The Daum-Lam exchange and countless others like it also reveal how outrage culture has warped the ways Americans speak to and think of one another: increasingly, we treat each other less as individual human beings and more as symbolic representations of political concepts, useful only as cultural objects worthy of praise or fury. For some, the inherent dignity, humanity, and individualism of their fellow citizens have been reduced to a trivial afterthought at best.

Not a word here is an attempt to downplay the importance of morality or the vitality of a deeply-felt emotion such as outrage. Moral outrage does have a crucial role to play in a healthy society, as some things are genuinely morally outrageous and demand that we approach them with a sense of ethical revulsion.

Without the value of moral outrage — for which Martin Luther King, Jr. had tremendous appreciation and respect — the civil rights movement likely would have failed, or at least languished. Without a strong and clear moral vision, the courage to express it, and the willingness to die for it, slavery may have persisted in America for far longer than it did. Without a healthy sense of what’s morally agreeable and what’s morally reprehensible, progress of any kind is likely impossible.

So the point here isn’t that we ought to embrace moral relativism, indifference, or lethargy, but to challenge the position that moral outrage should take its place as a core value in American society.

By elevating outrage to such a high position, we have all but guaranteed that, eventually, a purely performative — and permanent — reactionary outrage will pervade society. That is what Twitter has become. It’s what will be on tonight, and tomorrow, and the next day, on cable news networks during primetime hours.

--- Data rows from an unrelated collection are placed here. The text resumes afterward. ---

(* Let $\mathsf{\Sigma}\in\mathbb{R}^{N\times N_S}$ and $\mathsf{\Lambda}\in\mathbb{R}^{N\times N_L}$ be the Star-to-RWG and Loop-to-RWG matrices of a triangular surface mesh (so that $\mathsf{\Sigma}^{\mathrm T}\mathsf{\Lambda}=\mathsf{0}$), with $\mathsf{P}^\Sigma=\mathsf{\Sigma}(\mathsf{\Sigma}^{\mathrm T}\mathsf{\Sigma})^+\mathsf{\Sigma}^{\mathrm T}$, $\mathbb{P}^\Lambda=\mathsf{\Lambda}(\mathsf{\Lambda}^{\mathrm T}\mathsf{\Lambda})^+\mathsf{\Lambda}^{\mathrm T}$, and quasi-Helmholtz Laplacian filters $\mathsf{P}_n^\Sigma=\mathsf{\Sigma}((\mathsf{\Sigma}^{\mathrm T}\mathsf{\Sigma})_n)^+\mathsf{\Sigma}^{\mathrm T}$, $\mathbb{P}_n^\Lambda=\mathsf{\Lambda}((\mathsf{\Lambda}^{\mathrm T}\mathsf{\Lambda})_n)^+\mathsf{\Lambda}^{\mathrm T}$, $\mathsf{P}_n^{\Lambda H}=\mathbb{P}_n^\Lambda+\mathsf{I}-\mathsf{P}^\Sigma-\mathbb{P}^\Lambda$, $\mathbb{P}_n^{\Sigma H}=\mathsf{P}_n^\Sigma+\mathsf{I}-\mathbb{P}^\Lambda-\mathsf{P}^\Sigma$ (indices $n$ ranging over $1,\dots,N_S$ for the $\Sigma$-filters and $1,\dots,N_L$ for the $\Lambda$-filters). Then for all admissible $m,n$: $$\mathsf{P}_m^\Sigma\mathsf{P}_n^{\Lambda H}=\mathsf{0}\qquad\text{and}\qquad \mathbb{P}_m^\Lambda\mathbb{P}_n^{\Sigma H}=\mathsf{0}.$$
   Context: Consider a closed triangulated surface with $N$ edges, $N_S$ triangles and $N_L$ vertices; $\mathsf{I}$ is the $N\times N$ identity. Each edge $m$ is shared by two triangles $c_m^+$, $c_m^-$. $[\mathsf{\Sigma}]_{mn}=1$ if cell $n$ is $c_m^+$, $-1$ if cell $n$ is $c_m^-$, $0$ otherwise. $[\mathsf{\Lambda}]_{mn}=\pm1$ when vertex $n$ is an endpoint of edge $m$ (opposite signs for the two endpoints, fixed by the orientation convention of the RWG functions), $0$ otherwise; with this convention $\mathsf{\Sigma}^{\mathrm T}\mathsf{\Lambda}=\mathsf{0}$. $^+$ denotes the Moore–Penrose pseudo-inverse. For $\mathsf{X}\in\{\mathsf{\Sigma},\mathsf{\Lambda}\}$ with $N_x$ columns, fix an SVD $\mathsf{X}=\mathsf{U}_X\mathsf{S}_X\mathsf{V}_X^{\mathrm T}$ with $\mathsf{V}_X$ orthogonal $N_x\times N_x$ and singular values $\sigma_{X,1}\ge\dots\ge\sigma_{X,N_x}\ge0$, so $\mathsf{X}^{\mathrm T}\mathsf{X}=\mathsf{V}_X\mathrm{diag}(\sigma_{X,i}^2)\mathsf{V}_X^{\mathrm T}$. For $1\le n\le N_x$, $\mathsf{L}_{X,n}$ is diagonal with $[\mathsf{L}_{X,n}]_{ii}=\sigma_{X,i}$ if $i>N_x-n$ and $0$ otherwise, and $(\mathsf{X}^{\mathrm T}\mathsf{X})_n=\mathsf{V}_X\mathsf{L}_{X,n}^2\mathsf{V}_X^{\mathrm T}$. *)

theory Defs
  imports "Jordan_Normal_Form.Matrix"
begin

definition pinv :: "real mat \<Rightarrow> real mat" where
  "pinv A = (THE X. X \<in> carrier_mat (dim_col A) (dim_row A) \<and>
                    A * X * A = A \<and> X * A * X = X \<and>
                    transpose_mat (A * X) = A * X \<and> transpose_mat (X * A) = X * A)"

definition orth_mat :: "nat \<Rightarrow> real mat \<Rightarrow> bool" where
  "orth_mat n V \<longleftrightarrow> V \<in> carrier_mat n n \<and> transpose_mat V * V = 1\<^sub>m n \<and> V * transpose_mat V = 1\<^sub>m n"

definition is_svd :: "real mat \<Rightarrow> real mat \<Rightarrow> (nat \<Rightarrow> real) \<Rightarrow> real mat \<Rightarrow> bool" where
  "is_svd X U \<sigma> V \<longleftrightarrow>
     orth_mat (dim_row X) U \<and> orth_mat (dim_col X) V \<and>
     (\<forall>i<dim_col X. 0 \<le> \<sigma> i) \<and>
     (\<forall>i j. i \<le> j \<and> j < dim_col X \<longrightarrow> \<sigma> j \<le> \<sigma> i) \<and>
     X = U * mat (dim_row X) (dim_col X) (\<lambda>(i,j). if i = j then \<sigma> i else 0) * transpose_mat V"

The saying that we’re seeing a lot of recently, “If you’re not outraged, you’re not paying attention,” equates being informed with an obligation to be outraged, turning an emotion into a moral imperative. The dangers that face a culture that lives by this rule cannot be understated; equating being engaged with an obligation to be outraged is an easy way to guarantee a permanent culture war and a miserable future, as — perhaps unsurprisingly — the emotional costs of living in a furious society are high. After all, anger has been shown to negatively impact health, and it would be unsurprising if outrage culture turns out to be similarly impacting America’s rising suicide rates, its opioid crisis, and its epidemic of depression.

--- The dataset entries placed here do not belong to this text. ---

(* There exist symmetric pseudo-Boolean functions of $n$ variables for which any $y$-linear quadratization must involve at least $\Omega(n/\log n)$ auxiliary variables; that is, there is a constant $c>0$ such that for infinitely many $n$ there is a symmetric $f:\{0,1\}^n\to\mathbb{R}$ every $y$-linear quadratization of which uses at least $c\,n/\log n$ auxiliary variables.
   Context: A pseudo-Boolean function is a map $\{0,1\}^n\to\mathbb{R}$; it is symmetric if its value depends only on the Hamming weight. A quadratization of $f$ using $m$ auxiliary variables is a polynomial $g(x,y)$ of degree at most $2$ in $x_1,\ldots,x_n,y_1,\ldots,y_m$ such that $f(x)=\min\{g(x,y):y\in\{0,1\}^m\}$ for all $x\in\{0,1\}^n$. It is $y$-linear if it contains no product of two auxiliary variables, i.e. $g(x,y)=q(x)+\sum_{i=1}^m a_i(x)y_i$ with $q$ quadratic and each $a_i$ affine in $x$. *)

theory Defs
  imports Complex_Main
begin

text \<open>Points of the Boolean cube {0,1}^n, represented as functions nat => bool that are
  False outside the index range {0..<n}.\<close>
definition bvecs :: "nat \<Rightarrow> (nat \<Rightarrow> bool) set" where
  "bvecs n = {x. \<forall>j\<ge>n. \<not> x j}"

text \<open>A pseudo-Boolean function of n variables is f :: (nat => bool) => real, only its
  values on bvecs n matter. Symmetric: value depends only on the Hamming weight.\<close>
definition symmetric_pbf :: "nat \<Rightarrow> ((nat \<Rightarrow> bool) \<Rightarrow> real) \<Rightarrow> bool" where
  "symmetric_pbf n f \<longleftrightarrow>
     (\<forall>x\<in>bvecs n. \<forall>x'\<in>bvecs n. card {j. j < n \<and> x j} = card {j. j < n \<and> x' j} \<longrightarrow> f x = f x')"

definition ylin_poly ::
  "nat \<Rightarrow> nat \<Rightarrow> real \<Rightarrow> (nat \<Rightarrow> real) \<Rightarrow> (nat \<Rightarrow> nat \<Rightarrow> real) \<Rightarrow> (nat \<Rightarrow> real) \<Rightarrow> (nat \<Rightarrow> nat \<Rightarrow> real)
   \<Rightarrow> (nat \<Rightarrow> bool) \<Rightarrow> (nat \<Rightarrow> bool) \<Rightarrow> real" where
  "ylin_poly n m c b d a0 a x y =
     c + (\<Sum>j<n. b j * of_bool (x j))
       + (\<Sum>j<n. \<Sum>k<n. d j k * of_bool (x j) * of_bool (x k))
       + (\<Sum>i<m. (a0 i + (\<Sum>j<n. a i j * of_bool (x j))) * of_bool (y i))"

definition has_ylin_quadratization :: "nat \<Rightarrow> nat \<Rightarrow> ((nat \<Rightarrow> bool) \<Rightarrow> real) \<Rightarrow> bool" where
  "has_ylin_quadratization n m f \<longleftrightarrow>
     (\<exists>c b d a0 a. \<forall>x\<in>bvecs n.
        f x = Min ((\<lambda>y. ylin_poly n m c b d a0 a x y) ` bvecs m))"

end

theory Submission
  imports Defs "HOL-Library.Function_Algebras" "HOL-Library.Discrete_Functions"
    "HOL-Computational_Algebra.Polynomial"
begin

(* Proof idea (a dimension count in the space of functions on {0,1}^r).
   For r \<ge> 1 put n = 2^r and f_t(x) = t^|x|, which is symmetric.  Composing with the map
   spread r : {0,1}^r \<rightarrow> {0,1}^n that copies bit s of z into the 2^s coordinates of the
   dyadic block [2^s, 2^(s+1)) turns |x| into the binary value of z, so f_t becomes the
   function G_t(z) = t^(binval z) on {0,1}^r (code_power r t below).  If f_t has a y-linear quadratization with m
   auxiliaries, minimising over y replaces each y_i by the indicator of the set P_i where its
   coefficient a_i(x) is negative; hence G_t lies in the span of at most (r+1)^2 + m(r+1)
   functions (products of at most two bits, and indicators of P_i times at most one bit).
   There are only finitely many choices of the sets P_i, and by a Vandermonde argument any
   2^r distinct functions G_t are linearly independent.  So if (r+1)^2 + m(r+1) < 2^r, only
   finitely many t admit such a quadratization.  Choosing t outside this finite set gives
   (r+1)^2 + m(r+1) \<ge> 2^r for every quadratization, i.e. m \<ge> n / (8 ln n).
   The file proves, in order: facts about the cube and about minimising over y, the binary
   encoding, linear algebra of the functions G_t, the spanning family, the finiteness of the
   exceptional set of t, the numerical estimate, and finally the theorem. *)


subsection \<open>The Boolean cube and minimisation over the auxiliary variables\<close>

lemma finite_bvecs: "finite (bvecs m)"
proof -
  have "bvecs m \<subseteq> (\<lambda>S j. j \<in> S) ` Pow {..<m}"
  proof
    fix x assume "x \<in> bvecs m"
    then have "x = (\<lambda>j. j \<in> {j. j < m \<and> x j})"
      by (auto simp: bvecs_def fun_eq_iff) (meson leI)
    then show "x \<in> (\<lambda>S j. j \<in> S) ` Pow {..<m}" by blast
  qed
  then show ?thesis by (rule finite_subset) auto
qed

text \<open>Minimising a function that is affine in y over the cube sets y_i = 1 exactly
  where its coefficient is negative.\<close>
lemma cube_min_affine:
  fixes A :: "nat \<Rightarrow> real"
  shows "Min ((\<lambda>y. K + (\<Sum>i<m. A i * of_bool (y i))) ` bvecs m) = K + (\<Sum>i<m. min 0 (A i))"
proof (rule Min_eqI)
  show "finite ((\<lambda>y. K + (\<Sum>i<m. A i * of_bool (y i))) ` bvecs m)" using finite_bvecs by simp
next
  fix v assume "v \<in> (\<lambda>y. K + (\<Sum>i<m. A i * of_bool (y i))) ` bvecs m"
  then obtain y where v: "v = K + (\<Sum>i<m. A i * of_bool (y i))" by auto
  have "(\<Sum>i<m. min 0 (A i)) \<le> (\<Sum>i<m. A i * of_bool (y i))" by (rule sum_mono) auto
  then show "K + (\<Sum>i<m. min 0 (A i)) \<le> v" using v by simp
next
  let ?y = "\<lambda>i. i < m \<and> A i < 0"
  have y: "?y \<in> bvecs m" by (auto simp: bvecs_def)
  have "(\<Sum>i<m. A i * of_bool (?y i)) = (\<Sum>i<m. min 0 (A i))" by (rule sum.cong) auto
  then show "K + (\<Sum>i<m. min 0 (A i)) \<in> (\<lambda>y. K + (\<Sum>i<m. A i * of_bool (y i))) ` bvecs m"
    by (intro rev_image_eqI[OF y]) simp
qed

lemma ylin_poly_min:
  "Min ((\<lambda>y. ylin_poly n m c b d a0 a x y) ` bvecs m) =
     c + (\<Sum>j<n. b j * of_bool (x j)) + (\<Sum>j<n. \<Sum>k<n. d j k * of_bool (x j) * of_bool (x k))
       + (\<Sum>i<m. min 0 (a0 i + (\<Sum>j<n. a i j * of_bool (x j))))"
  unfolding ylin_poly_def by (rule cube_min_affine)


subsection \<open>Binary encoding of weights\<close>

definition binval :: "nat \<Rightarrow> (nat \<Rightarrow> bool) \<Rightarrow> nat" where
  "binval r z = (\<Sum>s<r. of_bool (z s) * 2^s)"

text \<open>The point of {0,1}^(2^r) whose coordinates in the dyadic block [2^s, 2^(s+1)) all
  equal z_s (coordinate 0 is unused).\<close>
definition spread :: "nat \<Rightarrow> (nat \<Rightarrow> bool) \<Rightarrow> nat \<Rightarrow> bool" where
  "spread r z = (\<lambda>j. 0 < j \<and> j < 2^r \<and> z (floor_log j))"

lemma spread_bvecs: "spread r z \<in> bvecs (2^r)"
  by (auto simp: spread_def bvecs_def)

text \<open>Block s has 2^s elements, so the Hamming weight of spread r z is the binary value of z.\<close>
lemma spread_weight: "card {j. j < 2^r \<and> spread r z j} = binval r z"
proof (induction r)
  case 0
  have "{j. j < 2^0 \<and> spread 0 z j} = {}" by (auto simp: spread_def)
  then show ?case by (simp add: binval_def)
next
  case (Suc r)
  let ?old = "{j. j < 2^r \<and> spread r z j}"
    and ?top = "if z r then {2^r..<2^Suc r} else ({} :: nat set)"
  have top: "floor_log j = r" if "2^r \<le> j" "j < 2 * 2^r" for j
    using that by (intro floor_log_eqI) auto
  have "{j. j < 2^Suc r \<and> spread (Suc r) z j} = ?old \<union> ?top"
    using top by (auto simp: spread_def intro: order.strict_trans2[of 0 "2^r"]) (metis not_less)+
  moreover have "?old \<inter> ?top = {}" by auto
  moreover have "card ?top = of_bool (z r) * 2^r" by simp
  ultimately show ?case using Suc.IH by (simp add: card_Un_disjoint binval_def)
qed

lemma binval_surj: "k < 2^r \<Longrightarrow> \<exists>z\<in>bvecs r. binval r z = k"
proof (induction r arbitrary: k)
  case 0
  then show ?case by (auto simp: bvecs_def binval_def)
next
  case (Suc r)
  show ?case
  proof (cases "k < 2^r")
    case True
    then obtain z where z: "z \<in> bvecs r" "binval r z = k" using Suc.IH by blast
    then have "z \<in> bvecs (Suc r)" "binval (Suc r) z = k" by (auto simp: bvecs_def binval_def)
    then show ?thesis by blast
  next
    case False
    have "k - 2^r < 2^r" using Suc.prems by simp
    then obtain z where z: "z \<in> bvecs r" "binval r z = k - 2^r" using Suc.IH by blast
    have "z(r := True) \<in> bvecs (Suc r)" using z by (auto simp: bvecs_def)
    moreover have "binval (Suc r) (z(r := True)) = binval r z + 2^r"
      unfolding binval_def by (auto intro!: sum.cong)
    ultimately show ?thesis using z(2) False by (metis le_add_diff_inverse2 not_less)
  qed
qed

To combat outrage culture, columnist David Von Drehle encourages readers to “switch away from the televised outrage orgies that masquerade as news. Resist the urge to get worked up about stupid stuff that knuckleheads say. Spend more time among reasonable people doing healthy things.” Writer Trent Eady argues for more humility, for treating people as individuals and not as political symbols or representatives of their perceived identity groups, for being diplomatic and strategic in pursuit of the change one wishes to make. Recently at the Munk Debates in Toronto, Stephen Fry evoked the spirit of Bertrand Russell, and urged Western civilization “not to be too earnest, too pompous, too serious [or]…too certain” and to “let doubt prevail.”

Any combination of these suggestions would do well to begin the process of dethroning the value of moral outrage. But, like with any epidemic, the first step must be widespread awareness. The more Americans grasp that their moral sensibilities are being manipulated by a set of mutually-intensifying and degrading processes, the more our culture will begin to shake itself from our numbness and our permanent state of anger.

Our national discussion is the story we tell ourselves about ourselves, and right now, it’s poisoned with fury. We are telling each other a needlessly outrageous story in an effort to maintain a dysfunctional and harmful core value. If we are to live in harmony with one another and pursue a peaceful future, that has to change. After all, we are what we believe we are.